Some key advantages of millet include:

  • Providing energy: Millet is a highly nutritious food source that provides energy without causing spikes in blood sugar. This is due to it’s high protein and complex carbohydrate mis, which are a slow and sustained source of energy. By releasing glucose into the bloodstream slowly, it helps maintain stable blood sugar levels, helping to prevent big spikes and dips
  • Supporting bone health: Millet is also a good source of calcium, phosphorus, iron, zinc, and vitamin B6. All of these elements support bone health, keeping bones strong and healthy

4. Sorghum

One of the less known alkaline-producing grains is Sorghum, which is used to create sorghum syrup, a sweet syrup similar to honey. It can also be boiled or steamed and eaten whole.

Sorghum is a type of grass that’s grown primarily in tropical regions. It’s been cultivated for thousands of years, and it was even one of the first crops domesticated by humans.

Sorghum is a gluten-free plant, and it’s also rich in minerals like calcium, iron, and zinc.

Some key health benefits include:

  • Improving digestion: Sorghum helps improve digestion because it contains enzymes that break down carbohydrates into simple sugars
  • Promoting weight loss: Sorghum may help promote weight loss because it contains less than half the amount of carbs found in most grains

5. Buckwheat

Does Buckwheat Give You Bloating?
Whole buckwheat (which is black in color) is often ground into buckwheat flour, which you can substitute up to 25% of a baked goods recipe with buckwheat flour and it will make it lighter while adding extra nutrients. Buckwheat groats (which are pictured here) are tan/green in color and can be cooked to make a hot cereal.

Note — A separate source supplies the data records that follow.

lemma lead_eq_same_degree:
  assumes "n > 0" "f \<noteq> 0" "lead_eq n m f" "g \<noteq> 0" "lead_eq n m g"
  shows "degree f = degree g"
proof -
  have "degree (\<sigma> [:0, 1:]) ^ n > 1"
    using degree_sigma_var assms(1) by (intro one_less_power)
  then have "degree (\<sigma> [:0, 1:]) ^ n - 1 \<noteq> 0"
    by simp
  then show ?thesis
    using degree_of_lead_eq[OF assms(2,3)] degree_of_lead_eq[OF assms(4,5)] by (metis mult_cancel2)
qed

lemma lead_eq_proportional:
  assumes "n > 0" "p \<noteq> 0" "lead_eq n m p" "lead_eq n m q"
  shows "q = smult (lead_coeff q / lead_coeff p) p"
proof (rule ccontr)
  define r where "r = q - smult (lead_coeff q / lead_coeff p) p"
  assume "q \<noteq> smult (lead_coeff q / lead_coeff p) p"
  then have "r \<noteq> 0" "q \<noteq> 0"
    by (auto simp: r_def)
  have "lead_eq n m r"
    unfolding r_def using assms(4,3) by (rule lead_eq_diff_smult)
  have deg_p: "degree p = degree q"
    using lead_eq_same_degree[OF assms(1-3) \<open>q \<noteq> 0\<close> assms(4)] .
  have deg_r: "degree r = degree q"
    using lead_eq_same_degree[OF assms(1) \<open>r \<noteq> 0\<close> \<open>lead_eq n m r\<close> \<open>q \<noteq> 0\<close> assms(4)] .
  have "coeff p (degree q) \<noteq> 0"
    using deg_p assms(2) by (metis leading_coeff_0_iff)
  with deg_p have "coeff r (degree q) = 0"
    by (simp add: r_def)
  with deg_r \<open>r \<noteq> 0\<close> show False
    by (metis leading_coeff_0_iff)
qed

lemma centralizer_lead_coeff_multiple:
  assumes n: "n > 0" and Q: "Q \<in> centralizer (monom (monom 1 n) n)" "Q \<noteq> 0"
  obtains c k where "degree (opow (monom (monom 1 n) n) k) = degree Q"
    and "lead_coeff Q = smult c (lead_coeff (opow (monom (monom 1 n) n) k))"
proof -
  let ?P = "monom (monom (1::'a) n) n"
  have lead_Q: "lead_eq n (degree Q) (lead_coeff Q)"
    by (rule centralizer_lead_eq[OF Q])
  moreover have "lead_coeff Q \<noteq> 0"
    using Q(2) by simp
  ultimately have "n dvd degree Q"
    using lead_eq_imp_dvd[OF n] by blast
  then obtain k where k: "degree Q = n * k" ..
  define R where "R = opow ?P k"
  have R: "R \<in> centralizer ?P" "R \<noteq> 0" "degree R = degree Q"
    by (simp_all add: R_def k ore_pow_in_centralizer ore_pow_nonzero degree_ore_pow degree_monom_eq
        mult.commute)
  have "lead_eq n (degree Q) (lead_coeff R)"
    using centralizer_lead_eq[OF R(1,2)] unfolding R(3) .
  with lead_Q have "lead_coeff Q = smult (lead_coeff (lead_coeff Q) / lead_coeff (lead_coeff R)) (lead_coeff R)"
    using R(2) n by (intro lead_eq_proportional) simp_all
  with that[of k] R(3) show ?thesis
    by (simp add: R_def)
qed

Buckwheat is actually not a true wheat at all, but rather a fruit seed related to rhubarb. However, it’s commonly referred to as “buckwheat” due to its resemblance to the cereal grain.

Buckwheat is a gluten-free grain, and it’s packed with antioxidants and other nutrients and is a good source of manganese, copper, magnesium, phosphorous, potassium, and vitamins A, C, E, and K.

Unlike the grains listed above, Buckwheat is actually considered an acid-forming food, not an alkaline-forming one. Its metabolic effect in the body results in an acid-forming residue.

Remember, the alkaline or acidic nature of a food is determined by the pH level of its ash after digestion. Acid-forming foods are those that leave an acidic residue when metabolized, potentially contributing to a slightly lower pH in the body. On the other hand, alkaline-forming foods leave an alkaline residue after digestion, which could help balance the body’s pH levels.

What are the benefits of alkaline grains?

Alkaline grains are an excellent way to increase your intake of alkalizing minerals. These minerals promote overall wellness and keep you feeling energized. They’re especially beneficial if you have a hard time getting enough sleep or feel sluggish during the day.

The old saying, you are what you eat, is true. I tell my kids all the time that their energy levels, how well they sleep, how often they use the restroom, and their overall well-being is directly related to the foods they eat. Unfortunately, most of us either grew up with no food education or (if you’re like me) had the now-outdated food pyramid telling you what to eat.

Our bodies are amazing and while certain foods may have an acidic or alkaline effect on the body, the body’s internal pH is tightly regulated by various physiological mechanisms, and the overall impact of specific foods on pH is relatively minimal.

Be aware of alkaline and acidic foods, specifically whole grains, but stay focused more on eating real, unprocessed food, as that will make the biggest difference!